Identifying the best SVM cost paramter
we will apply cost parameter which modifies the width of the SVM decision boundary.
cost_values <- c(1, seq(from = 5, to = 40, by = 5))
accuracy_values <- sapply(cost_values, function(x){
m<- ksvm(letter~., data = letters_train,
kernel = "rbfdot", C = x)
pred <- predict(m, letters_test)
agree <- ifelse(pred == letters_test$letter, 1, 0)
accuracy <- sum(agree) / nrow(letters_test)
return(accuracy)
})
plot(cost_values, accuracy_values, type = "b")
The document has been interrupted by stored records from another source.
(* Let $S_m$ be the model sphere of revolution and let $f\colon(-1,1)\to\mathbb{R}$ be the rotation function of the first return map to the Birkhoff annulus $A$ of the minimal parallel, as described in the context. Then $f$ is strictly decreasing on $(-1,1)$.
   Context: A sphere of revolution $S\subset\mathbb{R}^3$ is a surface diffeomorphic to $S^2$ invariant under rotations about the $z$-axis. Its intersection with the $(x,z)$-half-plane is parametrized by arclength by a closed curve $\sigma(s)=(r(s),z(s))$, $s\in\mathbb{R}/M\mathbb{Z}$ ($M$ its length), positively oriented, with $\sigma(0)$ the lower intersection point with the $z$-axis. Coordinates $\Phi(s,\theta)=(r(s)\cos\theta,r(s)\sin\theta,z(s))$, $s\in(0,M/2)$, $\theta\in\mathbb{R}/2\pi\mathbb{Z}$; the induced metric is $ds^2+r(s)^2d\theta^2$. The parallel $P_{s_0}$ is the curve $\theta\mapsto\Phi(s_0,\theta)$. The model sphere $S_m$ is a sphere of revolution with: $M>2\pi$; $r(s)=\sin s$ for $s\in[0,\pi/2]$; $\sigma$ symmetric with respect to the $x$-axis (so $S_m$ is symmetric under $z\mapsto -z$); and $r|_{(0,M/2)}$ has exactly three critical points: maxima at $s=\pi/2$ and $s=M/2-\pi/2$ with value $1$, and a minimum at $s=M/4$ with value $r_{min}\in(0,1)$. Unit tangent vectors over $\Phi(s,\theta)$ are described by the angle $\beta\in\mathbb{R}/2\pi\mathbb{Z}$ from $\partial_\theta$ to the vector; in coordinates $(s,\theta,\beta)$ the geodesic flow is $s'=\sin\beta$, $\beta'=\frac{r'(s)}{r(s)}\cos\beta$, $\theta'=\frac{\cos\beta}{r(s)}$. The Birkhoff annulus of $P_{M/4}$ is $A=\{(\Phi(M/4,\theta),\beta):\theta\in\mathbb{R}/2\pi\mathbb{Z},\ \beta\in(0,\pi)\}$, parametrized by $(x,\eta)$ with $x\in\mathbb{R}/L\mathbb{Z}$ the arclength along $P_{M/4}$ ($L=2\pi r_{min}$) and $\eta=-\cos\beta\in(-1,1)$. Every geodesic flow line through $A$ is transverse to $A$ and returns to $A$; by invariance of the Clairaut integral $r(s)\cos\beta$ and rotational symmetry, the first return map has the form $\rho(x,\eta)=(x+f(\eta)\bmod L,\ \eta)$, where $f\colon(-1,1)\to\mathbb{R}$ is the continuous function with $f(0)=0$ (the points $(x,0)$ lie on meridians, which are closed geodesics). *)

theory Defs
  imports "HOL-Analysis.Analysis"
begin

definition smooth_fun :: "(real \<Rightarrow> real) \<Rightarrow> bool" where
  "smooth_fun g \<longleftrightarrow> (\<forall>k::nat. \<forall>x. ((deriv ^^ k) g) differentiable (at x))"

text \<open>Profile curve sigma(s) = (r s, z s) of a sphere of revolution: a smooth simple closed
  curve of length M in the (x,z)-plane parametrized by arclength, symmetric under x \<mapsto> -x
  (rotation invariance), positively oriented, sigma(0) the lower point on the z-axis and
  r > 0 on (0, M/2).\<close>
definition sphere_of_revolution :: "(real \<Rightarrow> real) \<Rightarrow> (real \<Rightarrow> real) \<Rightarrow> real \<Rightarrow> bool" where
  "sphere_of_revolution r z M \<longleftrightarrow>
     M > 0 \<and> smooth_fun r \<and> smooth_fun z \<and>
     (\<forall>s. r (s + M) = r s \<and> z (s + M) = z s) \<and>
     inj_on (\<lambda>s. (r s, z s)) {0..<M} \<and>
     (\<forall>s. (deriv r s)\<^sup>2 + (deriv z s)\<^sup>2 = 1) \<and>
     (\<forall>s. r (- s) = - r s \<and> z (- s) = z s) \<and>
     r 0 = 0 \<and> (\<forall>s\<in>{0<..<M/2}. r s > 0) \<and> z 0 < z (M/2)"

definition model_sphere :: "(real \<Rightarrow> real) \<Rightarrow> (real \<Rightarrow> real) \<Rightarrow> real \<Rightarrow> real \<Rightarrow> bool" where
  "model_sphere r z M rmin \<longleftrightarrow>
     sphere_of_revolution r z M \<and> M > 2 * pi \<and>
     (\<forall>s\<in>{0..pi/2}. r s = sin s) \<and>
     (\<forall>s. r (M/2 - s) = r s \<and> z (M/2 - s) = - z s) \<and>
     {s\<in>{0<..<M/2}. deriv r s = 0} = {pi/2, M/4, M/2 - pi/2} \<and>
     r (pi/2) = 1 \<and> r (M/2 - pi/2) = 1 \<and>
     r (M/4) = rmin \<and> 0 < rmin \<and> rmin < 1"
We can notice that accuracy values are better when we use cost values more than 10, it reaches to 97 percent.
Summary
The Support Vector Machines is a great tool in machine learning but it requires numerical variables only.
the Strength of SMVs:
1- Can be used for classification or numeric prediction problems. 2- Not overly influenced by noisy data and not very prone to overfitting 3- May be easier to use than neural networks, particularly due to the existence of several well-supported SVM algorithms 4- Gained popularity due to their high accuracy and high-profile wins in data mining competitions.
the Weaknesses:
1- Finding the best model requires testing of various combinations of kernels and model parameters. 2- Can be slow to train, particularly if the input dataset has a large number of features or examples. 3- Results in a complex black box model that is difficult, if not impossible, to interpret.